▶ [Work request]: Which lines below include "intro"? Copy them all.

▶ [Given records]:
lemma cnj_sform: "cnj (sform N k u v) = sform N k v u"
  unfolding sform_def sgnS_def by (auto simp: mult_ac intro!: sum.cong)

lemma sform_add_left: "sform N k (\<lambda>j. u j + v j) w = sform N k u w + sform N k v w"
  and sform_diff_left: "sform N k (\<lambda>j. u j - v j) w = sform N k u w - sform N k v w"
  and sform_add_right: "sform N k w (\<lambda>j. u j + v j) = sform N k w u + sform N k w v"
  and sform_diff_right: "sform N k w (\<lambda>j. u j - v j) = sform N k w u - sform N k w v"
  unfolding sform_def by (simp_all add: algebra_simps sum.distrib sum_subtractf)

lemma sform_scale_left: "sform N k (\<lambda>j. c * u j) w = cnj c * sform N k u w"
  and sform_scale_right: "sform N k w (\<lambda>j. c * u j) = c * sform N k w u"
  and sform_scale_div_right: "sform N k w (\<lambda>j. u j * c / d) = c / d * sform N k w u"
  unfolding sform_def
  by (simp_all add: algebra_simps sum_distrib_left sum_divide_distrib)

lemmas sform_linear = sform_add_left sform_diff_left sform_add_right sform_diff_right
  sform_scale_left sform_scale_right sform_scale_div_right

lemma sum_atMost_split0: "(\<Sum>i\<le>(N::nat). f i) = f 0 + (\<Sum>i=1..N. f i)"
  by (simp add: atMost_atLeast0 sum.atLeast_Suc_atMost)

lemma mvec_diag: "i \<le> N \<Longrightarrow> mvec N (\<lambda>i j. if i = j then d i else 0) v i = d i * v i"
  unfolding mvec_def by (simp add: if_distrib[of "\<lambda>x. x * _"] cong: if_cong)

lemma mmul_diag_left: "i \<le> N \<Longrightarrow> mmul N (\<lambda>i j. if i = j then d i else 0) B i j = d i * B i j"
  unfolding mmul_def by (simp add: if_distrib[of "\<lambda>x. x * _"] cong: if_cong)

lemma mmul_diag_right: "j \<le> N \<Longrightarrow> mmul N A (\<lambda>i j. if i = j then d i else 0) i j = A i j * d j"
  unfolding mmul_def by (simp add: if_distrib[of "\<lambda>x. _ * x"] cong: if_cong)

lemma mvec_sigma3: "i \<le> N \<Longrightarrow> mvec N sigma3 v i = (if i = 0 then v i else - v i)"
  unfolding sigma3_def by (subst mvec_diag) auto

lemma mvec_Lam: "i \<le> N \<Longrightarrow> mvec N (Lam k) v i = (if i = 0 then v i else - sgnS k i * v i)"
  unfolding Lam_def by (subst mvec_diag) auto

lemma mvec_mmul: "mvec N (mmul N A B) v = mvec N A (mvec N B v)"
  unfolding mvec_def mmul_def
  by (auto simp: sum_distrib_right sum_distrib_left mult.assoc intro: sum.swap)

lemma mvec_Qmat_0: "mvec N (Qmat N k q) v 0 = - sform N k q v"
  unfolding mvec_def sum_atMost_split0 sform_def
  by (simp add: Qmat_def sum_negf mult_ac)

lemma mvec_Qmat: "1 \<le> i \<Longrightarrow> i \<le> N \<Longrightarrow> mvec N (Qmat N k q) v i = q i * v 0"
  unfolding mvec_def sum_atMost_split0 by (simp add: Qmat_def)
(* Let $D=(N,A)$, $\mathcal{K}$, $\{D^k\}_{k\in\mathcal{K}}$ be an instance of SND-RR with time horizon $T$, let $\mathcal{A}$ be a valid arc partition and $G=G(D,\mathcal{A})$ the auxiliary flat network. Then the integer programs SND-RR$(D_T)$ and SND-RR$(G_T)$ have the same number of variables and the same number of constraints, and they are equivalent: there is a bijection between their feasible solutions preserving the objective value.
   Context: An instance of SND-RR consists of: a directed graph $D=(N,A)$; for each arc $vw\in A$ a transit time $\tau_{vw}\in\mathbb{Z}_{>0}$, fixed cost $f_{vw}>0$, capacity $u_{vw}\in\mathbb{Z}_{>0}$, and per-unit cost $c^k_{vw}>0$ for each commodity $k$; a set $\mathcal{K}$ of commodities, each with origin $o_k$, destination $d_k$, demand $q_k$, release time $r_k$, deadline $l_k$ (integers, earliest release $0$); and subgraphs $D^k=(N^k,A^k)\subseteq D$. Standing assumption: $\delta^+_{D^k}(d_k)=\emptyset$ and $\delta^+_{D^k}(v)\ne\emptyset$ for $v\in N^k\setminus\{d_k\}$. $T=\max_kl_k$, $[T]=\{0,\dots,T\}$. For any flat graph $H$ with transit times, its time-expanded network $H_T$ has timed nodes $(v,t)$, $t\in[T]$, movement arcs $((v,t),(w,t+\tau_{vw}))$ for arcs $vw$ of $H$ with $t+\tau_{vw}\le T$, and holdover arcs $((v,t),(v,t+1))$. $D_T=(N_T,A_T\cup H_T)$, $D^k_T=(N^k_T,A^k_T\cup H^k_T)$. For a timed arc $a=((v,t),(w,t'))$, $u_a=u_{vw}$, $f_a=f_{vw}$, $c^k_a=c^k_{vw}$; $x^k(S)=\sum_{a\in S}x^k_a$; $\delta^\pm$ denote outgoing/incoming timed arcs. SND-RR$(D_T)$: minimize $\sum_{a\in A_T}f_ay_a+\sum_{a\in A_T}\sum_kc^k_aq_kx^k_a$ s.t. for all $k$, $(v,t)\in N^k_T$: $x^k(\delta^+_{D^k_T}(v,t))-x^k(\delta^-_{D^k_T}(v,t))$ is $1$ at $(o_k,r_k)$, $-1$ at $(d_k,l_k)$, $0$ otherwise; $\sum_kq_kx^k_a\le u_ay_a$ for $a\in A_T$; $x^k_a\in\{0,1\}$ for $a\in A^k_T\cup H^k_T$; $y_a\in\mathbb{Z}_{\ge0}$ for $a\in A_T$. Valid partition: $\mathcal{A}=\{\mathcal{A}_v\}_{v\in N}$ with each $\mathcal{A}_v$ a partition of $\delta^+_D(v)$ such that for each $k$, $\delta^+_{D^k}(v)\subseteq A_i$ for some $A_i\in\mathcal{A}_v$. Auxiliary network $G=(V,E)$: $\mathcal{V}(v)=\{v^0,\dots,v^{|\mathcal{A}_v|}\}$ (copy $v^i$ per part $A_i$, terminal copy $v^0$), $V=\bigcup_v\mathcal{V}(v)$, $E=\{v^iw^j: vw\in A_i\in\mathcal{A}_v, w^j\in\mathcal{V}(w)\}$; each $v^iw^j$ gets the transit time and costs of $vw$. With $\mathcal{K}(A_i)=\{k:\emptyset\ne\delta^+_{D^k}(v)\subseteq A_i\}$ for $A_i\in\mathcal{A}_v$: $G^k=(V^k,E^k)$, $V^k=\{v^i:v\in N^k,A_i\in\mathcal{A}_v,k\in\mathcal{K}(A_i)\}\cup\{d^0_k\}$, $E^k=\{v^iw^j:vw\in A^k,v^i,w^j\in V^k\}$; $o'_k$ denotes the unique copy of $o_k$ in $V^k$. $G_T=(V_T,E_T\cup F_T)$ and $G^k_T=(V^k_T,E^k_T\cup F^k_T)$ are the time-expanded networks. For $a=((v,t),(w,t'))\in A_T$, $\mathcal{E}_T(a)=\{((v^i,t),(w^j,t')): vw\in A_i\in\mathcal{A}_v, w^j\in\mathcal{V}(w)\}$. SND-RR$(G_T)$: minimize $\sum_{a\in A_T}f_ay_a+\sum_k\sum_{e\in E_T}c^k_eq_kx^k_e$ s.t. for all $k$, $(v,t)\in V^k_T$: $x^k(\delta^+_{G^k_T}(v,t))-x^k(\delta^-_{G^k_T}(v,t))$ is $1$ at $(o'_k,r_k)$, $-1$ at $(d^0_k,l_k)$, $0$ otherwise; $\sum_k\sum_{e\in\mathcal{E}_T(a)}q_kx^k_e\le u_ay_a$ for all $a\in A_T$; $x^k_e\in\{0,1\}$ for $e\in E^k_T\cup F^k_T$; $y_a\in\mathbb{Z}_{\ge0}$ for $a\in A_T$. *)

theory Defs
  imports Complex_Main
begin

text \<open>A timed arc is either a movement arc Inl (e, t) (flat arc e = (v,w) leaving v at
  time t, arriving at w at time t + tau e) or a holdover arc Inr (v, t) from (v,t) to (v,t+1).\<close>

type_synonym 'v tarc = "(('v \<times> 'v) \<times> nat) + ('v \<times> nat)"

definition tnodes :: "'v set \<Rightarrow> nat \<Rightarrow> ('v \<times> nat) set" where
  "tnodes V T = V \<times> {0..T}"

definition mv_arcs :: "('v \<times> 'v) set \<Rightarrow> ('v \<times> 'v \<Rightarrow> nat) \<Rightarrow> nat \<Rightarrow> 'v tarc set" where
  "mv_arcs E tau T = Inl ` {(e, t). e \<in> E \<and> t + tau e \<le> T}"

definition hold_arcs :: "'v set \<Rightarrow> nat \<Rightarrow> 'v tarc set" where
  "hold_arcs V T = Inr ` {(v, t). v \<in> V \<and> t + 1 \<le> T}"

definition tarcs :: "'v set \<Rightarrow> ('v \<times> 'v) set \<Rightarrow> ('v \<times> 'v \<Rightarrow> nat) \<Rightarrow> nat \<Rightarrow> 'v tarc set" where
  "tarcs V E tau T = mv_arcs E tau T \<union> hold_arcs V T"

fun ttail :: "'v tarc \<Rightarrow> 'v \<times> nat" where
  "ttail (Inl ((v, w), t)) = (v, t)"
| "ttail (Inr (v, t)) = (v, t)"

fun thead :: "('v \<times> 'v \<Rightarrow> nat) \<Rightarrow> 'v tarc \<Rightarrow> 'v \<times> nat" where
  "thead tau (Inl ((v, w), t)) = (w, t + tau (v, w))"
| "thead tau (Inr (v, t)) = (v, t + 1)"

fun flat_arc :: "'v tarc \<Rightarrow> 'v \<times> 'v" where
  "flat_arc (Inl (e, t)) = e"
| "flat_arc (Inr (v, t)) = (v, v)"

definition flow_cons ::
  "'v set \<Rightarrow> ('v \<times> 'v) set \<Rightarrow> ('v \<times> 'v \<Rightarrow> nat) \<Rightarrow> nat \<Rightarrow> 'v \<times> nat \<Rightarrow> 'v \<times> nat
     \<Rightarrow> ('v tarc \<Rightarrow> int) \<Rightarrow> bool" where
  "flow_cons V E tau T src snk x \<longleftrightarrow>
     (\<forall>p \<in> tnodes V T.
        (\<Sum>a \<in> {a \<in> tarcs V E tau T. ttail a = p}. x a)
      - (\<Sum>a \<in> {a \<in> tarcs V E tau T. thead tau a = p}. x a)
      = (if p = src then 1 else if p = snk then -1 else 0))"

record ('n, 'k) sndrr =
  nodes :: "'n set"
  arcs :: "('n \<times> 'n) set"
  tau :: "'n \<times> 'n \<Rightarrow> nat"
  fcost :: "'n \<times> 'n \<Rightarrow> real"
  cap :: "'n \<times> 'n \<Rightarrow> nat"
  ucost :: "'k \<Rightarrow> 'n \<times> 'n \<Rightarrow> real"
  comms :: "'k set"
  orig :: "'k \<Rightarrow> 'n"
  dest :: "'k \<Rightarrow> 'n"
  dem :: "'k \<Rightarrow> real"
  rel :: "'k \<Rightarrow> nat"
  dl :: "'k \<Rightarrow> nat"
  Nk :: "'k \<Rightarrow> 'n set"
  Ak :: "'k \<Rightarrow> ('n \<times> 'n) set"

definition out_arcs :: "('v \<times> 'v) set \<Rightarrow> 'v \<Rightarrow> ('v \<times> 'v) set" where
  "out_arcs E v = {a \<in> E. fst a = v}"

definition valid_instance :: "('n, 'k) sndrr \<Rightarrow> bool" where
  "valid_instance I \<longleftrightarrow>
     finite (nodes I) \<and> finite (arcs I) \<and> arcs I \<subseteq> nodes I \<times> nodes I
   \<and> finite (comms I) \<and> comms I \<noteq> {}
   \<and> (\<forall>a \<in> arcs I. tau I a > 0 \<and> fcost I a > 0 \<and> cap I a > 0
        \<and> (\<forall>k \<in> comms I. ucost I k a > 0))
   \<and> (\<exists>k \<in> comms I. rel I k = 0)
   \<and> (\<forall>k \<in> comms I.
        dem I k > 0
      \<and> Nk I k \<subseteq> nodes I \<and> Ak I k \<subseteq> arcs I \<and> Ak I k \<subseteq> Nk I k \<times> Nk I k
      \<and> orig I k \<in> Nk I k \<and> dest I k \<in> Nk I k
      \<and> out_arcs (Ak I k) (dest I k) = {}
      \<and> (\<forall>v \<in> Nk I k - {dest I k}. out_arcs (Ak I k) v \<noteq> {}))"

definition horizon :: "('n, 'k) sndrr \<Rightarrow> nat" where
  "horizon I = Max (dl I ` comms I)"

text \<open>A candidate solution is a pair (x, y); x k a is the variable x^k_a, y a the variable y_a.
  Entries outside the variable index sets are required to be 0 (so that solutions are
  exactly the assignments to the IP's variables).\<close>

definition AT :: "('n, 'k) sndrr \<Rightarrow> 'n tarc set" where
  "AT I = mv_arcs (arcs I) (tau I) (horizon I)"
theorem theorem1:
  fixes P :: "'w measure" and N :: nat and E :: "(nat \<times> nat) set"
    and Mc :: real and x0 :: "nat \<Rightarrow> real" and X :: "draw \<Rightarrow> 'w \<Rightarrow> real"
  assumes "prob_space P"
    and "N > 2"
    and "E \<subseteq> {1..N} \<times> {1..N}"
    and "\<forall>i. (i, i) \<notin> E"
    and "strongly_connected {1..N} E"
    and "Mc > 0"
    and "prob_space.indep_vars P (\<lambda>_. borel) X (draw_index {1..N} E)"
    and "\<forall>d\<in>draw_index {1..N} E. distributed P lborel (X d) (draw_density Mc d)"
  shows "AE \<omega> in P. \<forall>i\<in>{1..N}.
     ((\<lambda>k. fst (state1 E x0 (\<lambda>d. X d \<omega>) k) i / fst (state2 E (\<lambda>d. X d \<omega>) k) i)
        \<longlonglongrightarrow> (\<Sum>j=1..N. x0 j) / real N)
   \<and> ((\<lambda>k. snd (state1 E x0 (\<lambda>d. X d \<omega>) k) i / snd (state2 E (\<lambda>d. X d \<omega>) k) i)
        \<longlonglongrightarrow> (\<Sum>j=1..N. x0 j) / real N)"
proof -
  interpret prob_space P by fact
  have "0 < N" using \<open>N > 2\<close> by simp
  obtain L where "0 < L"
    and walks: "\<forall>a\<in>{1..N} \<times> UNIV. \<forall>b\<in>{1..N} \<times> UNIV. (b, a) \<in> pp_edges N E ^^ L"
    using relpow_pp_edges[OF assms(3,5)] by blast
  have "AE \<omega> in P. draws_in_unit_interval N E (\<lambda>d. X d \<omega>)"
    by (rule AE_draws_in_unit_interval[OF assms(8)])
  moreover have "AE \<omega> in P. \<forall>i\<in>{1..N}. wden E (\<lambda>d. X d \<omega>) i 0 \<noteq> 0"
    by (rule AE_wden0_nonzero[OF assms(6,3,7,8)])
  moreover have "AE \<omega> in P. \<forall>m0. \<exists>m\<ge>m0. good_block N E (\<lambda>d. X d \<omega>) (2 + m * L) L"
    by (rule AE_good_blocks[OF \<open>0 < N\<close> \<open>0 < L\<close> assms(3,7,8)])
  ultimately show ?thesis
  proof eventually_elim
    case (elim \<omega>)
    note consensus = pp_ratio_consensus[OF \<open>0 < N\<close> assms(3) elim(1,2) \<open>0 < L\<close> walks elim(3)]
    show ?case
      using consensus[of "(i, False)" for i] consensus[of "(i, True)" for i] by simp
  qed
qed
(* Let $\mathbb{N}_\vee$ be the semigroup $\mathbb{N}$ with operation $m\vee n=\max\{m,n\}$, and for $n\in\mathbb{N}\cup\{\infty\}$ let $\phi_n\in\Delta(\ell^1(\mathbb{N}_\vee))$ be $\phi_n(\sum_i\alpha_i\delta_i)=\sum_{i=1}^n\alpha_i$. Then $\ell^1(\mathbb{N}_\vee)$ is approximately left character biprojective (in particular approximately left $\phi_\infty$-biprojective), but $\ell^1(\mathbb{N}_\vee)$ is not $\phi_\infty$-biprojective.
   Context: The characters of $\ell^1(\mathbb{N}_\vee)$ are exactly the $\phi_n$, $n\in\mathbb{N}\cup\{\infty\}$. For a Banach algebra $A$, $A\otimes_pA$ is the projective tensor product with $a\cdot(b\otimes c)=ab\otimes c$, $(b\otimes c)\cdot a=b\otimes ca$, $\pi_A(a\otimes b)=ab$. For a character $\phi$, $A$ is $\phi$-biprojective if there is a bounded $A$-bimodule morphism $\rho:A\to A\otimes_pA$ with $\phi(\pi_A(\rho(a)))=\phi(a)$ for all $a\in A$. $A$ is approximately left $\phi$-biprojective if there is a net $(\rho_\alpha)$ of bounded linear maps $A\to A\otimes_pA$ such that for all $a,x\in A$: $\|a\cdot\rho_\alpha(x)-\rho_\alpha(ax)\|\to0$, $\|\rho_\alpha(xa)-\phi(a)\rho_\alpha(x)\|\to0$, $\phi(\pi_A(\rho_\alpha(x)))-\phi(x)\to0$; approximately left character biprojective means this holds for every character. *)

theory Defs
  imports "HOL-Analysis.Analysis"
begin

text \<open>
  The semigroup N_v = ({1,2,3,...}, max) is modelled on the type nat via the
  order isomorphism i \<mapsto> i+1; so index i :: nat stands for the paper's i+1.
  Elements of l^1(N_v) are absolutely summable functions nat \<Rightarrow> complex.
  The projective tensor product l^1(N_v) \<otimes>_p l^1(N_v) is modelled by its standard
  isometric realisation l^1(N_v \<times> N_v), with b \<otimes> c \<mapsto> (\<lambda>(i,j). b i * c j).
\<close>

definition l1 :: "(nat \<Rightarrow> complex) set" where
  "l1 = {f. (\<lambda>n. cmod (f n)) summable_on UNIV}"

definition l1norm :: "(nat \<Rightarrow> complex) \<Rightarrow> real" where
  "l1norm f = (\<Sum>\<^sub>\<infinity>n. cmod (f n))"

definition l1T :: "(nat \<times> nat \<Rightarrow> complex) set" where
  "l1T = {F. (\<lambda>p. cmod (F p)) summable_on UNIV}"

definition l1Tnorm :: "(nat \<times> nat \<Rightarrow> complex) \<Rightarrow> real" where
  "l1Tnorm F = (\<Sum>\<^sub>\<infinity>p. cmod (F p))"

definition maxpairs :: "nat \<Rightarrow> (nat \<times> nat) set" where
  "maxpairs k = {(i, j). i \<le> k \<and> j \<le> k \<and> max i j = k}"

definition conv :: "(nat \<Rightarrow> complex) \<Rightarrow> (nat \<Rightarrow> complex) \<Rightarrow> nat \<Rightarrow> complex" where
  "conv f g k = (\<Sum>(i, j)\<in>maxpairs k. f i * g j)"

text \<open>Left module action a\<cdot>(b\<otimes>c) = ab\<otimes>c.\<close>
definition lact :: "(nat \<Rightarrow> complex) \<Rightarrow> (nat \<times> nat \<Rightarrow> complex) \<Rightarrow> nat \<times> nat \<Rightarrow> complex" where
  "lact a F = (\<lambda>(k, l). \<Sum>(i, j)\<in>maxpairs k. a i * F (j, l))"

text \<open>Right module action (b\<otimes>c)\<cdot>a = b\<otimes>ca.\<close>
definition ract :: "(nat \<times> nat \<Rightarrow> complex) \<Rightarrow> (nat \<Rightarrow> complex) \<Rightarrow> nat \<times> nat \<Rightarrow> complex" where
  "ract F a = (\<lambda>(k, l). \<Sum>(j, i)\<in>maxpairs l. F (k, j) * a i)"

text \<open>Product map pi(b\<otimes>c) = bc.\<close>
definition piA :: "(nat \<times> nat \<Rightarrow> complex) \<Rightarrow> nat \<Rightarrow> complex" where
  "piA F k = (\<Sum>(i, j)\<in>maxpairs k. F (i, j))"

text \<open>phi_n for n \<in> N \<union> {\<infinity>}: Some n (n \<ge> 1) is phi_n, None is phi_\<infinity>.
  phi_n(f) = sum of the first n coefficients (paper indices 1..n = our 0..n-1).\<close>
definition phi :: "nat option \<Rightarrow> (nat \<Rightarrow> complex) \<Rightarrow> complex" where
  "phi n f = (case n of Some m \<Rightarrow> (\<Sum>i<m. f i) | None \<Rightarrow> (\<Sum>\<^sub>\<infinity>i. f i))"

definition character :: "((nat \<Rightarrow> complex) \<Rightarrow> complex) \<Rightarrow> bool" where
  "character \<phi> \<longleftrightarrow>
     (\<forall>f\<in>l1. \<forall>g\<in>l1. \<phi> (\<lambda>n. f n + g n) = \<phi> f + \<phi> g) \<and>
     (\<forall>c. \<forall>f\<in>l1. \<phi> (\<lambda>n. c * f n) = c * \<phi> f) \<and>
     (\<forall>f\<in>l1. \<forall>g\<in>l1. \<phi> (conv f g) = \<phi> f * \<phi> g) \<and>
     (\<exists>f\<in>l1. \<phi> f \<noteq> 0)"

definition bdd_lin :: "((nat \<Rightarrow> complex) \<Rightarrow> (nat \<times> nat \<Rightarrow> complex)) \<Rightarrow> bool" where
  "bdd_lin \<rho> \<longleftrightarrow>
     (\<forall>f\<in>l1. \<rho> f \<in> l1T) \<and>
     (\<forall>f\<in>l1. \<forall>g\<in>l1. \<rho> (\<lambda>n. f n + g n) = (\<lambda>p. \<rho> f p + \<rho> g p)) \<and>
     (\<forall>c. \<forall>f\<in>l1. \<rho> (\<lambda>n. c * f n) = (\<lambda>p. c * \<rho> f p)) \<and>
     (\<exists>C. \<forall>f\<in>l1. l1Tnorm (\<rho> f) \<le> C * l1norm f)"

definition phi_biprojective :: "((nat \<Rightarrow> complex) \<Rightarrow> complex) \<Rightarrow> bool" where
  "phi_biprojective \<phi> \<longleftrightarrow>
     (\<exists>\<rho>. bdd_lin \<rho> \<and>
        (\<forall>a\<in>l1. \<forall>x\<in>l1. \<rho> (conv a x) = lact a (\<rho> x) \<and> \<rho> (conv x a) = ract (\<rho> x) a) \<and>
        (\<forall>a\<in>l1. \<phi> (piA (\<rho> a)) = \<phi> a))"

text \<open>A net of maps is encoded as a proper filter on the space of maps
  (the image filter of the net); the net consists of bounded linear maps.\<close>
definition approx_left_phi_biprojective :: "((nat \<Rightarrow> complex) \<Rightarrow> complex) \<Rightarrow> bool" where
  "approx_left_phi_biprojective \<phi> \<longleftrightarrow>
     (\<exists>F :: ((nat \<Rightarrow> complex) \<Rightarrow> (nat \<times> nat \<Rightarrow> complex)) filter.
        F \<noteq> bot \<and> eventually bdd_lin F \<and>
        (\<forall>a\<in>l1. \<forall>x\<in>l1.
           ((\<lambda>\<rho>. l1Tnorm (\<lambda>p. lact a (\<rho> x) p - \<rho> (conv a x) p)) \<longlongrightarrow> 0) F \<and>
           ((\<lambda>\<rho>. l1Tnorm (\<lambda>p. \<rho> (conv x a) p - \<phi> a * \<rho> x p)) \<longlongrightarrow> 0) F \<and>
           ((\<lambda>\<rho>. \<phi> (piA (\<rho> x)) - \<phi> x) \<longlongrightarrow> 0) F))"

definition approx_left_character_biprojective :: bool where
  "approx_left_character_biprojective \<longleftrightarrow>
     (\<forall>\<phi>. character \<phi> \<longrightarrow> approx_left_phi_biprojective \<phi>)"

end

theory Submission
  imports Defs
begin

text \<open>
  Taking partial sums \<open>psum f K = f 0 + \<dots> + f K\<close> turns the max-convolution of
  \<open>\<ell>\<^sup>1(\<nat>\<^sub>\<or>)\<close> into the pointwise product of sequences. Each \<open>\<delta>\<^sub>i\<close> is idempotent, so a
  character \<open>\<phi>\<close> sends it to 0 or 1, and \<open>\<phi>(\<delta>\<^sub>0) = 1\<close>. If \<open>\<phi>(\<delta>\<^sub>m) = 1\<close> and
  \<open>\<phi>(\<delta>\<^sub>m\<^sub>+\<^sub>1) = 0\<close>, then \<open>e = \<delta>\<^sub>m - \<delta>\<^sub>m\<^sub>+\<^sub>1\<close> satisfies \<open>a e = psum a m \<cdot> e\<close>, so \<open>\<phi>(a) = psum a m\<close>
  and \<open>a e = \<phi>(a) e\<close>. Otherwise \<open>\<phi>\<close> is the full sum, since an element whose partial sums
  stay away from 0 is invertible, and then \<open>a \<delta>\<^sub>N - \<phi>(a) \<delta>\<^sub>N \<rightarrow> 0\<close>. Such approximate means
  \<open>e\<^sub>N\<close> give the net \<open>\<rho>\<^sub>N(x) = x e\<^sub>N \<otimes> \<delta>\<^sub>0\<close>.

  For \<open>\<phi>\<^sub>\<infinity>\<close>-biprojectivity, \<open>G = \<rho>(\<delta>\<^sub>0)\<close> must satisfy \<open>\<delta>\<^sub>j\<cdot>G = G\<cdot>\<delta>\<^sub>j\<close>, which forces
  \<open>\<Sum>\<^sub>i\<^sub>\<le>\<^sub>j G(i,l) = 0\<close> for \<open>l < j\<close>. Then the \<open>K\<close>-th partial sum of \<open>\<pi>(G)\<close> is the sum of the
  last column of the \<open>K \<times> K\<close> square of the summable array \<open>G\<close>, which tends to 0,
  whereas \<open>\<phi>\<^sub>\<infinity>(\<pi>(G)) = \<phi>\<^sub>\<infinity>(\<delta>\<^sub>0) = 1\<close>.
\<close>

definition psum :: "(nat \<Rightarrow> 'a::comm_monoid_add) \<Rightarrow> nat \<Rightarrow> 'a" where
  "psum f K = (\<Sum>i\<le>K. f i)"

▶ [Exercise answer]:
  unfolding sform_def sgnS_def by (auto simp: mult_ac intro!: sum.cong)
  by (auto simp: sum_distrib_right sum_distrib_left mult.assoc intro: sum.swap)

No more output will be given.